Mary Ann laughed, clapping again. "That's it, it's perfect. Now they look like wooden animals on a merry-go-round. I hear a calliope in the background."

Sylvia sat back and grinned in admiration. She had never had a chance to watch Rachel work.

Rachel nodded. "Now. Open your eyes. Good. What did you have for breakfast this morning?"

"Juice and a chicken omelet. Cadmann made it. He's a good cook, good as me. I never knew."

"Good. Close your eyes again. What do you see?"

"Samlon and grendels and... frogs." Her eyes flew open. "That was really weird."

"Something Freudian, Rachel?" Marnie asked. "She might be telling you to jump in the lake."

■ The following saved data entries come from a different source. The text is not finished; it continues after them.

(* Let $D,D^*\subset\mathbb{R}^2=\mathbb{C}$ be bounded domains, let $1<p<\infty$, and let $\phi\colon D\to D^*$ be a $C^1$-diffeomorphism with $\phi\in W^{1,p}(D,\mathbb{C})$. Then $\phi^{-1}\in W^{1,1}(D^*,\mathbb{C})$ and $$\mathcal{E}_1(\phi^{-1})\le 4\,(\mathrm{Area}(D))^{1-\frac1p}\,\mathcal{E}_p(\phi)^{\frac1p}.$$
   Context: For $f=u+iv\in W^{1,q}(\Omega,\mathbb{C})$, the $q$-energy is $\mathcal{E}_q(f)=\int_\Omega(|\nabla u|^q+|\nabla v|^q)\,d\mu$, with $|\nabla u|=\sqrt{u_x^2+u_y^2}$ and $\mu$ Lebesgue measure. *)

theory Defs
  imports "HOL-Analysis.Analysis"
begin

text \<open>We identify R^2 with the complex plane. For a map f on C, the partial
derivatives at z are the values of the (real) Frechet derivative on the
basis vectors 1 (x-direction) and i (y-direction).\<close>

definition pdx :: "(complex \<Rightarrow> 'a::real_normed_vector) \<Rightarrow> complex \<Rightarrow> 'a" where
  "pdx f z = frechet_derivative f (at z) 1"

definition pdy :: "(complex \<Rightarrow> 'a::real_normed_vector) \<Rightarrow> complex \<Rightarrow> 'a" where
  "pdy f z = frechet_derivative f (at z) \<i>"

definition C1_map_on :: "(complex \<Rightarrow> complex) \<Rightarrow> complex set \<Rightarrow> bool" where
  "C1_map_on f S \<longleftrightarrow> (\<forall>z\<in>S. f differentiable (at z)) \<and>
     continuous_on S (pdx f) \<and> continuous_on S (pdy f)"

definition C1_diffeomorphism :: "(complex \<Rightarrow> complex) \<Rightarrow> complex set \<Rightarrow> complex set \<Rightarrow> bool" where
  "C1_diffeomorphism f S T \<longleftrightarrow> bij_betw f S T \<and> C1_map_on f S \<and> C1_map_on (inv_into S f) T"

fun Ck_real :: "nat \<Rightarrow> (complex \<Rightarrow> real) \<Rightarrow> bool" where
  "Ck_real 0 f = continuous_on UNIV f"
| "Ck_real (Suc n) f = ((\<forall>z. f differentiable (at z)) \<and> continuous_on UNIV f \<and>
      Ck_real n (pdx f) \<and> Ck_real n (pdy f))"

definition smooth_real :: "(complex \<Rightarrow> real) \<Rightarrow> bool" where
  "smooth_real f \<longleftrightarrow> (\<forall>n. Ck_real n f)"

definition test_fun :: "complex set \<Rightarrow> (complex \<Rightarrow> real) \<Rightarrow> bool" where
  "test_fun D \<psi> \<longleftrightarrow> smooth_real \<psi> \<and> compact (closure {z. \<psi> z \<noteq> 0}) \<and>
     closure {z. \<psi> z \<noteq> 0} \<subseteq> D"

definition Lp_on :: "real \<Rightarrow> complex set \<Rightarrow> (complex \<Rightarrow> real) \<Rightarrow> bool" where
  "Lp_on p D h \<longleftrightarrow> set_borel_measurable lebesgue D h \<and>
     set_integrable lebesgue D (\<lambda>z. \<bar>h z\<bar> powr p)"

definition weak_pdx :: "complex set \<Rightarrow> (complex \<Rightarrow> real) \<Rightarrow> (complex \<Rightarrow> real) \<Rightarrow> bool" where
  "weak_pdx D h g \<longleftrightarrow> (\<forall>\<psi>. test_fun D \<psi> \<longrightarrow>
     (LINT z:D|lebesgue. h z * pdx \<psi> z) = - (LINT z:D|lebesgue. g z * \<psi> z))"

definition weak_pdy :: "complex set \<Rightarrow> (complex \<Rightarrow> real) \<Rightarrow> (complex \<Rightarrow> real) \<Rightarrow> bool" where
  "weak_pdy D h g \<longleftrightarrow> (\<forall>\<psi>. test_fun D \<psi> \<longrightarrow>
     (LINT z:D|lebesgue. h z * pdy \<psi> z) = - (LINT z:D|lebesgue. g z * \<psi> z))"

definition W1p_real :: "real \<Rightarrow> complex set \<Rightarrow> (complex \<Rightarrow> real) \<Rightarrow> bool" where
  "W1p_real p D h \<longleftrightarrow> Lp_on p D h \<and>
     (\<exists>gx gy. Lp_on p D gx \<and> Lp_on p D gy \<and> weak_pdx D h gx \<and> weak_pdy D h gy)"

definition W1p :: "real \<Rightarrow> complex set \<Rightarrow> (complex \<Rightarrow> complex) \<Rightarrow> bool" where
  "W1p p D f \<longleftrightarrow> W1p_real p D (\<lambda>z. Re (f z)) \<and> W1p_real p D (\<lambda>z. Im (f z))"

text \<open>q-energy of f = u + iv on D, for C^1 maps (partials are the classical
ones, which coincide a.e. with the weak ones).\<close>
definition energy :: "real \<Rightarrow> complex set \<Rightarrow> (complex \<Rightarrow> complex) \<Rightarrow> real" where
  "energy q D f = (LINT z:D|lebesgue.
     (sqrt ((Re (pdx f z))\<^sup>2 + (Re (pdy f z))\<^sup>2)) powr q +
     (sqrt ((Im (pdx f z))\<^sup>2 + (Im (pdy f z))\<^sup>2)) powr q)"

end

theory Submission
  imports Defs "HOL-Computational_Algebra.Polynomial"
begin

text \<open>At z = \<phi> w the derivative of \<psi> = inv \<phi> is the inverse of D\<phi>(w), whose entries
are the cofactors of D\<phi>(w) divided by the Jacobian J. Hence
|J(w)| (|grad Re \<psi>| + |grad Im \<psi>|)(\<phi> w) = |\<phi>_x(w)| + |\<phi>_y(w)|, and the change of variables
z = \<phi> w turns E_1(\<psi>) into the integral of |\<phi>_x| + |\<phi>_y| over D, which Hoelder's inequality
bounds by Area(D)^(1-1/p) times an L^p norm dominated by 4 E_p(\<phi>)^(1/p).

The W^{1,p} hypothesis enters only through the integrability of the classical derivatives of \<phi>,
which agree almost everywhere with the weak ones by the fundamental lemma of the calculus of
variations (proved with tensor products of exp(-1/x) bumps). The same integrability, together
with integration by parts against test functions, gives \<psi> in W^{1,1}.\<close>

section \<open>Change of variables in the complex plane\<close>

text \<open>The library's change of variables theorem lives on \<open>real^'n\<close>; we transport it to
\<open>complex\<close>.\<close>

definition complex_of_vec2 :: "real^2 \<Rightarrow> complex" where
  "complex_of_vec2 x = Complex (x$1) (x$2)"

definition vec2_of_complex :: "complex \<Rightarrow> real^2" where
  "vec2_of_complex z = vector [Re z, Im z]"

lemma complex_of_vec2_inverse [simp]: "complex_of_vec2 (vec2_of_complex z) = z"
  by (simp add: complex_of_vec2_def vec2_of_complex_def complex_eq_iff)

"Maybe. Does that mean anything to you, Marnie? Any connection between Joes and frogs?"

"Behaviorally? Reproductively? Ecologically? It's probably some kind of pun."

"No, it's real," Mary Ann protested. "Something—diamonds?"

Marnie giggled.

"Oh, I just don't know." Mary Ann sat and stared at the wall.

"Sylvie—"

Sylvia's eyes were unfocused. "Damn," she said softly. "You're right. It strikes a chord. Frogs. There was a special kind of frog. Something I read once. Cassandra," she said. "String search—frogs. Cross reference: Joes, samlon, grendels."

"Ladies—" Rachel yawned—"Zack has nightmares without me to hold his, uh, hand. Ahem. I'm calling it a night."

"Make it two," Marnie added. "Sylvia, Mary Ann, till morning. Are you going back tomorrow?"

"Yes," Mary Ann said uncertainly. Her eyes were still fixed on the whirring space above the holo stage. "Now I want to stay with Sylvia. Cadmann will be back for me."

There were hugs all around, and Rachel and Marnie left the lab.

Sylvia watched the fluxing holos, occasionally freezing the images.

There were visions of tree frogs and giant African frogs powerful enough to knock a man down. Pictures of frogs as they fed and mated and were spread out under the dissection knife.

Sylvia felt something cold and nasty in the pit of her stomach. A frog with nasty habits. She hadn't believed it the first time! But it did work, it did make sense. Oh, shit!

"Mary Ann," she said hoarsely, "I want to talk to Cadmann. Would you find him, please? Bring him here."

Mary Ann backed away from her, eyes wide and frightened. "Is something wrong?"

"I don't know yet. Maybe a chance in a hundred. I hope to God I'm wrong. Because if I'm right..."

With timing that was surreally precise, Jessica woke up, and began to scream.